In the circular clearing that defines the sacred cenote, Chilam Balam stands atop the stone bath house and gazes upon the blue tide of humanity. The crowd occupies every square foot of surrounding jungle for as far as the eye can see.
And they are grumbling.
“Who is the great teacher to demand that we leave our homeland for the underworld?”
“Why should we listen to a man who deserted our people more than twenty katuns ago?”
“What if Chilam Balam is wrong? What if the bearded ones bring prosperity?”
Council members huddle with Napuctan along the far rim of the sinkhole. The rival prophet gestures at the Jaguar Priest.
Chilam Balam glances up at the heavens. The dark rift of the Milky Way slices north-south across the cosmos, its black road meeting the horizon.
Midnight passes. Nothing happens.
A stone flies past Chilam Balam’s ear. Another strikes his leg.
The prophet’s loyal followers crowd around him, forming a protective wall. His soul mate, Blood Woman, moves to his side.

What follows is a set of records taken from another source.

lemma has_cdim_span:
  assumes "clin_indep_family {..<n} v"
  shows "has_cdim (cv.span (v ` {..<n})) n"
  unfolding has_cdim_def
  using assms span_image_eq_sums[OF finite_lessThan clin_indep_family_inj_on[OF assms]] by blast

lemma has_cdim_imp_span:
  assumes "has_cdim V n"
  obtains v where "V = cv.span (v ` {..<n})"
proof -
  obtain v where indep: "clin_indep_family {..<n} v" and V: "V = {\<Sum>k<n. c k *\<^sub>C v k | c. True}"
    using assms by (auto simp: has_cdim_def)
  show thesis
    using span_image_eq_sums[OF finite_lessThan clin_indep_family_inj_on[OF indep]]
    by (intro that[of v]) (simp add: V)
qed

section \<open>Orthonormal families and orthogonal projections\<close>

definition ONfam :: "nat \<Rightarrow> (nat \<Rightarrow> 'a::complex_inner) \<Rightarrow> bool" where
  "ONfam n u \<longleftrightarrow> (\<forall>i<n. \<forall>j<n. cinner (u i) (u j) = (if i = j then 1 else 0))"

lemma ONfam_sum_cinner:
  assumes "ONfam n u" "j < n"
  shows "(\<Sum>i<n. a i * cinner (u i) (u j)) = a j"
proof -
  have "(\<Sum>i<n. a i * cinner (u i) (u j)) = (\<Sum>i<n. if i = j then a i else 0)"
    using assms by (intro sum.cong) (auto simp: ONfam_def)
  then show ?thesis using assms(2) by simp
qed

lemma ONfam_clin_indep:
  assumes "ONfam n u"
  shows "clin_indep_family {..<n} u"
  unfolding clin_indep_family_def
proof (intro allI impI ballI)
  fix c :: "nat \<Rightarrow> complex" and j assume "(\<Sum>i<n. c i *\<^sub>C u i) = 0" "j \<in> {..<n}"
  then have "cinner (\<Sum>i<n. c i *\<^sub>C u i) (u j) = 0" by simp
  then have "(\<Sum>i<n. c i * cinner (u i) (u j)) = 0"
    by (simp add: cinner_sum_left cinner_scaleC_left)
  then show "c j = 0" using ONfam_sum_cinner[OF assms] \<open>j \<in> {..<n}\<close> by simp
qed

definition proj :: "nat \<Rightarrow> (nat \<Rightarrow> 'a::complex_inner) \<Rightarrow> 'a \<Rightarrow> 'a" where
  "proj n u x = (\<Sum>i<n. cinner x (u i) *\<^sub>C u i)"

lemma proj_in_span: "proj n u x \<in> cv.span (u ` {..<n})"
  unfolding proj_def by (rule sum_scaleC_in_span)

lemma proj_orthogonal:
  assumes "ONfam n u" "j < n"
  shows "cinner (x - proj n u x) (u j) = 0"
  using ONfam_sum_cinner[OF assms]
  by (simp add: proj_def cinner_diff_left cinner_sum_left cinner_scaleC_left)

lemma cinner_eq_zero_on_span:
  assumes "\<And>j. j < n \<Longrightarrow> cinner z (u j) = 0" "y \<in> cv.span (u ` {..<n})"
  shows "cinner z y = 0"
proof -
  have "cv.subspace {y. cinner z y = 0}"
    unfolding cv.subspace_def by (auto simp: cinner_add_right cinner_scaleC_right)
  moreover have "u ` {..<n} \<subseteq> {y. cinner z y = 0}" using assms(1) by auto
  ultimately show ?thesis using assms(2) cv.span_minimal by blast
qed

lemma cinner_diff_proj_span:
  assumes "ONfam n u" "y \<in> cv.span (u ` {..<n})"
  shows "cinner (x - proj n u x) y = 0"
  by (rule cinner_eq_zero_on_span[OF proj_orthogonal[OF assms(1)] assms(2)])

lemma proj_fixes_span:
  assumes "ONfam n u" "y \<in> cv.span (u ` {..<n})"
  shows "proj n u y = y"
proof -
  have "y - proj n u y \<in> cv.span (u ` {..<n})" by (intro cv.span_diff assms(2) proj_in_span)
  then have "cinner (y - proj n u y) (y - proj n u y) = 0"
    by (rule cinner_diff_proj_span[OF assms(1)])
  then show ?thesis by (simp add: cinner_self_eq_zero)
qed

lemma proj_selfadjoint: "cinner (proj n u x) y = cinner x (proj n u y)"
  by (simp add: proj_def cinner_sum_left cinner_sum_right cinner_scaleC_left cinner_scaleC_right
      mult.commute)

lemma cinner_diff_proj_swap: "cinner x (y - proj n u y) = cinner (x - proj n u x) y"
  by (simp add: cinner_diff_left cinner_diff_right proj_selfadjoint)

lemma clinear_proj: "clinear (proj n u)"
  by (simp add: clinear_def proj_def cinner_add_left cinner_scaleC_left scaleC_add_left
      sum.distrib scaleC_sum_right)

lemma ONfam_fun_upd_sgn:
  assumes u: "ONfam n u" and "w \<noteq> 0" and wu: "\<And>j. j < n \<Longrightarrow> cinner w (u j) = 0"
  shows "ONfam (Suc n) (u(n := sgn w))"
  unfolding ONfam_def
proof (intro allI impI)
  have uw: "cinner (u j) w = 0" if "j < n" for j
    using wu[OF that] by (metis cnj_cinner complex_cnj_zero)
  fix i j assume "i < Suc n" "j < Suc n"
  then consider "i < n" "j < n" | "i = n" "j < n" | "i < n" "j = n" | "i = n" "j = n"
    by (auto simp: less_Suc_eq)
  then show "cinner ((u(n := sgn w)) i) ((u(n := sgn w)) j) = (if i = j then 1 else 0)"
    using u wu uw cinner_sgn_self[OF \<open>w \<noteq> 0\<close>]
    by cases (auto simp: ONfam_def sgn_eq_scaleC cinner_scaleC_left cinner_scaleC_right)
qed

lemma gram_schmidt:
  fixes v :: "nat \<Rightarrow> 'a::complex_inner"
  assumes "clin_indep_family {..<n} v"
  shows "\<exists>u. ONfam n u \<and> cv.span (u ` {..<n}) = cv.span (v ` {..<n})"
  using assms
proof (induction n)
  case 0
  then show ?case by (auto simp: ONfam_def)
next
  case (Suc n)
  obtain u where u: "ONfam n u" "cv.span (u ` {..<n}) = cv.span (v ` {..<n})"
    using Suc.IH clin_indep_family_subset[OF Suc.prems] by fastforce
  define w where "w = v n - proj n u (v n)"
  define u' where "u' = u(n := sgn w)"
  have "cv.independent (insert (v n) (v ` {..<n}))"
    using clin_indep_family_independent[OF Suc.prems] by (simp add: lessThan_Suc)
  moreover have "v n \<notin> v ` {..<n}"
    using inj_on_image_mem_iff[OF clin_indep_family_inj_on[OF Suc.prems], of n "{..<n}"] by auto
  ultimately have "v n \<notin> cv.span (v ` {..<n})" by (simp add: cv.independent_insert)
  then have "w \<noteq> 0" using proj_in_span[of n u "v n"] u(2) by (auto simp: w_def)
  have ON: "ONfam (Suc n) u'"
    unfolding u'_def using u(1) \<open>w \<noteq> 0\<close>
    by (rule ONfam_fun_upd_sgn) (simp add: w_def proj_orthogonal[OF u(1)])
  have span_mono: "cv.span (v ` {..<n}) \<subseteq> cv.span (v ` {..<Suc n})"
    by (rule cv.span_mono) auto
  have "v n \<in> cv.span (v ` {..<Suc n})" by (rule cv.span_base) simp
  moreover have "proj n u (v n) \<in> cv.span (v ` {..<Suc n})"
    using u(2) proj_in_span[of n u "v n"] span_mono by auto
  ultimately have "w \<in> cv.span (v ` {..<Suc n})" unfolding w_def by (rule cv.span_diff)
  then have "u' ` {..<Suc n} \<subseteq> cv.span (v ` {..<Suc n})"
    using u(2) span_mono cv.span_base[of "u _" "u ` {..<n}"]
    by (auto simp: u'_def sgn_eq_scaleC less_Suc_eq intro: cv.span_scale)
  moreover have "card (u' ` {..<Suc n}) = Suc n"
    using clin_indep_family_inj_on[OF ONfam_clin_indep[OF ON]] by (simp add: card_image)
  ultimately have "cv.span (u' ` {..<Suc n}) = cv.span (v ` {..<Suc n})"
    using card_image_le[of "{..<Suc n}" v]
    by (intro cv.span_eq_if_independent_card_ge clin_indep_family_independent ONfam_clin_indep[OF ON]) auto
  then show ?case using ON by blast
qed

Napuctun beckons from across the cenote, silencing the crowd. “The Itza have assembled, Chilam Balam. Midnight has come and gone. Why have you led us astray?”
“Does Napuctun question our great teacher?”
“I question you! Let us see if you are a worthy channel for Kukulcan. Throw the heretic and his followers into the cenote!”
The crowd amassed on the
sacbe
surges forward, driving Balam’s supporters over the edge of the sinkhole. Screams rend the night air.
The Jaguar Priest grabs his mate by her wrist and jumps!
Chilam Balam and Blood Woman plunge forty feet toward a surface already violated by hundreds of splashing bodies when time suddenly stops. The prophet stares, transfixed, at a droplet of water that hovers before his right eye. His bedazzled mind captures a snapshot of his soul mate’s horrified expression, her hair blown upward, each strand frozen in the moment—
—as the cenote’s waters transform into a raging falls that flow down a serpent’s throat—Xibalba Be—the dark road to the underworld.
The materializing wormhole inhales Chilam Balam and his followers into a parallel universe that, until seconds ago, never existed.